(* There is a numerical constant $C>0$ such that \[ \min_{\mathcal A_\delta}E_h\le C\Big(\delta^2h^{1/2}+h^2\log\frac1h+\delta^4h^{-1/2}\Big) \] whenever $0\le\delta\le1$ and $0<h\le\frac12$.
   Context: Let $B_1=\{x\in\mathbb R^2:|x|<1\}$. For scalar functions $u,w$ on $(0,1)$ define $U(x)=\frac12(u(|x|)-|x|)\frac{x}{|x|}$ and $W(x)=w(|x|)$. For $\delta\in[0,1]$ let $\mathcal A_\delta$ be the set of pairs $(u,w)$ with $(U,W)\in W^{1,2}(B_1;\mathbb R^2)\times W^{2,2}(B_1)$, $w(0)=0$, $w(1)=1-\delta$. For $h>0$, \[ E_h(u,w)=\int_0^1\frac{u^2}{r}+r(u'+w'^2-1)^2+h^2\Big(rw''^2+\frac{w'^2}{r}\Big)dr . \] *)

theory Defs
  imports "HOL-Analysis.Analysis"
begin

fun Ck :: "nat \<Rightarrow> ('a::euclidean_space \<Rightarrow> real) \<Rightarrow> bool" where
  "Ck 0 f = continuous_on UNIV f"
| "Ck (Suc n) f = (continuous_on UNIV f \<and> f differentiable_on UNIV \<and>
      (\<forall>i\<in>Basis. Ck n (\<lambda>x. frechet_derivative f (at x) i)))"

definition test_fun :: "'a::euclidean_space set \<Rightarrow> ('a \<Rightarrow> real) \<Rightarrow> bool" where
  "test_fun \<Omega> \<phi> \<longleftrightarrow> (\<forall>n. Ck n \<phi>) \<and> compact (closure {x. \<phi> x \<noteq> 0})
      \<and> closure {x. \<phi> x \<noteq> 0} \<subseteq> \<Omega>"

definition L2_on :: "'a::euclidean_space set \<Rightarrow> ('a \<Rightarrow> 'b::euclidean_space) \<Rightarrow> bool" where
  "L2_on \<Omega> f \<longleftrightarrow> f \<in> borel_measurable (lebesgue_on \<Omega>)
      \<and> integrable (lebesgue_on \<Omega>) (\<lambda>x. (norm (f x))\<^sup>2)"

definition weak_partial :: "'a::euclidean_space set \<Rightarrow> ('a \<Rightarrow> 'b::euclidean_space) \<Rightarrow> 'a \<Rightarrow> ('a \<Rightarrow> 'b) \<Rightarrow> bool" where
  "weak_partial \<Omega> f i g \<longleftrightarrow> (\<forall>\<phi>. test_fun \<Omega> \<phi> \<longrightarrow>
      integral\<^sup>L (lebesgue_on \<Omega>) (\<lambda>x. frechet_derivative \<phi> (at x) i *\<^sub>R f x)
      = - integral\<^sup>L (lebesgue_on \<Omega>) (\<lambda>x. \<phi> x *\<^sub>R g x))"

definition W12 :: "'a::euclidean_space set \<Rightarrow> ('a \<Rightarrow> 'b::euclidean_space) \<Rightarrow> bool" where
  "W12 \<Omega> f \<longleftrightarrow> L2_on \<Omega> f \<and> (\<forall>i\<in>Basis. \<exists>g. L2_on \<Omega> g \<and> weak_partial \<Omega> f i g)"

definition W22 :: "'a::euclidean_space set \<Rightarrow> ('a \<Rightarrow> 'b::euclidean_space) \<Rightarrow> bool" where
  "W22 \<Omega> f \<longleftrightarrow> L2_on \<Omega> f \<and> (\<forall>i\<in>Basis. \<exists>g. W12 \<Omega> g \<and> weak_partial \<Omega> f i g)"

definition B1 :: "(real^2) set" where "B1 = ball 0 1"

definition Ufun :: "(real \<Rightarrow> real) \<Rightarrow> real^2 \<Rightarrow> real^2" where
  "Ufun u x = (1/2 * (u (norm x) - norm x)) *\<^sub>R (inverse (norm x) *\<^sub>R x)"

definition Wfun :: "(real \<Rightarrow> real) \<Rightarrow> real^2 \<Rightarrow> real" where
  "Wfun w x = w (norm x)"

text \<open>Admissible class A_delta.  u and w are taken to be the continuous
  representatives (u continuous on (0,1), w continuous on [0,1]); this is the
  convention under which w(0), w(1), u', w', w'' are meaningful pointwise.\<close>
definition Adm :: "real \<Rightarrow> ((real \<Rightarrow> real) \<times> (real \<Rightarrow> real)) set" where
  "Adm \<delta> = {(u, w). W12 B1 (Ufun u) \<and> W22 B1 (Wfun w)
      \<and> continuous_on {0<..<1} u \<and> continuous_on {0..1} w
      \<and> w 0 = 0 \<and> w 1 = 1 - \<delta>}"
(* Let $n\in\mathbb N$, let $K_1,\dots,K_n$ be singular kernel functions and let $J$ be an arbitrary $n$-field function. Then the difference function restricted to the regularity set, $\Phi|_Y:Y\to\mathbb R^n$, is proper: the preimage of every compact subset of $\mathbb R^n$ is compact. Moreover, for every sequence $(\mathbf x_k)$ in $Y$ converging to a point of the boundary $\partial Y$ one has $\|\Phi(\mathbf x_k)\|\to\infty$.
   Context: A kernel function is a function $K:(-1,0)\cup(0,1)\to\mathbb R$ that is concave on $(-1,0)$ and concave on $(0,1)$ and satisfies $\lim_{t\downarrow0}K(t)=\lim_{t\uparrow0}K(t)$. It is extended to $[-1,1]$ with values in $[-\infty,\infty)$ by its one-sided limits at $-1,0,1$. A kernel function is singular if $K(0)=-\infty$. An $n$-field function is a function $J:[0,1]\to[-\infty,\infty)$ that is bounded above and whose set of finite values has total weight strictly greater than $n$. Here the points $0$ and $1$ each have weight $1/2$ and every point of $(0,1)$ has weight $1$. $S=\{\mathbf y\in\mathbb R^n:0<y_1<\dots<y_n<1\}$ and $\overline S$ is its closure. $F(\mathbf y,t)=J(t)+\sum_{i=1}^nK_i(t-y_i)$, with the convention $a+(-\infty)=-\infty$. Set $y_0:=0$ and $y_{n+1}:=1$. Let $I_j(\mathbf y)=[y_j,y_{j+1}]$ and $m_j(\mathbf y)=\sup_{t\in I_j(\mathbf y)}F(\mathbf y,t)$. The regularity set is $Y=\{\mathbf y\in S:m_j(\mathbf y)\neq-\infty\ \forall j=0,\dots,n\}$. The difference function is $\Phi(\mathbf y)=(m_1(\mathbf y)-m_0(\mathbf y),\dots,m_n(\mathbf y)-m_{n-1}(\mathbf y))$. *)

theory Defs
  imports "HOL-Analysis.Analysis"
begin

text \<open>Values outside [-1,1] are irrelevant.\<close>

definition kernel_function :: "(real \<Rightarrow> ereal) \<Rightarrow> bool" where
  "kernel_function K \<longleftrightarrow>
     (\<forall>t\<in>{-1<..<0} \<union> {0<..<1}. \<bar>K t\<bar> \<noteq> \<infinity>) \<and>
     concave_on {-1<..<0} (\<lambda>t. real_of_ereal (K t)) \<and>
     concave_on {0<..<1} (\<lambda>t. real_of_ereal (K t)) \<and>
     (K \<longlongrightarrow> K 0) (at_left 0) \<and>
     (K \<longlongrightarrow> K 0) (at_right 0) \<and>
     (K \<longlongrightarrow> K (-1)) (at_right (-1)) \<and>
     (K \<longlongrightarrow> K 1) (at_left 1)"

definition singular_kernel :: "(real \<Rightarrow> ereal) \<Rightarrow> bool" where
  "singular_kernel K \<longleftrightarrow> kernel_function K \<and> K 0 = -\<infinity>"

definition weight01 :: "real set \<Rightarrow> ereal" where
  "weight01 A = (if infinite (A \<inter> {0<..<1}) then \<infinity>
     else ereal (real (card (A \<inter> {0<..<1})) + (if 0 \<in> A then 1/2 else 0)
                 + (if 1 \<in> A then 1/2 else 0)))"

definition n_field_function :: "nat \<Rightarrow> (real \<Rightarrow> ereal) \<Rightarrow> bool" where
  "n_field_function n J \<longleftrightarrow>
     (\<exists>M::real. \<forall>t\<in>{0..1}. J t \<le> ereal M) \<and>
     weight01 {t\<in>{0..1}. J t \<noteq> -\<infinity>} > ereal (real n)"

text \<open>Points of R^n are vectors in real^'n, with 'n a finite linearly ordered index type
of cardinality n; the k-th coordinate (k = 1..n) is the coordinate at the k-th smallest index.\<close>

definition idx :: "nat \<Rightarrow> 'n::{finite,linorder}" where
  "idx k = sorted_list_of_set (UNIV :: 'n set) ! (k - 1)"

definition pos :: "'n::{finite,linorder} \<Rightarrow> nat" where
  "pos i = card {j. j < i} + 1"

***

_Directions for this task_.
Taking the records above, retype every line from the one with "x = w (norm" down to the one with "0 = 0 \<and>", exactly and with nothing else.

_Task result_.
  "Wfun w x = w (norm x)"

text \<open>Admissible class A_delta.  u and w are taken to be the continuous
  representatives (u continuous on (0,1), w continuous on [0,1]); this is the
  convention under which w(0), w(1), u', w', w'' are meaningful pointwise.\<close>
definition Adm :: "real \<Rightarrow> ((real \<Rightarrow> real) \<times> (real \<Rightarrow> real)) set" where
  "Adm \<delta> = {(u, w). W12 B1 (Ufun u) \<and> W22 B1 (Wfun w)
      \<and> continuous_on {0<..<1} u \<and> continuous_on {0..1} w
      \<and> w 0 = 0 \<and> w 1 = 1 - \<delta>}"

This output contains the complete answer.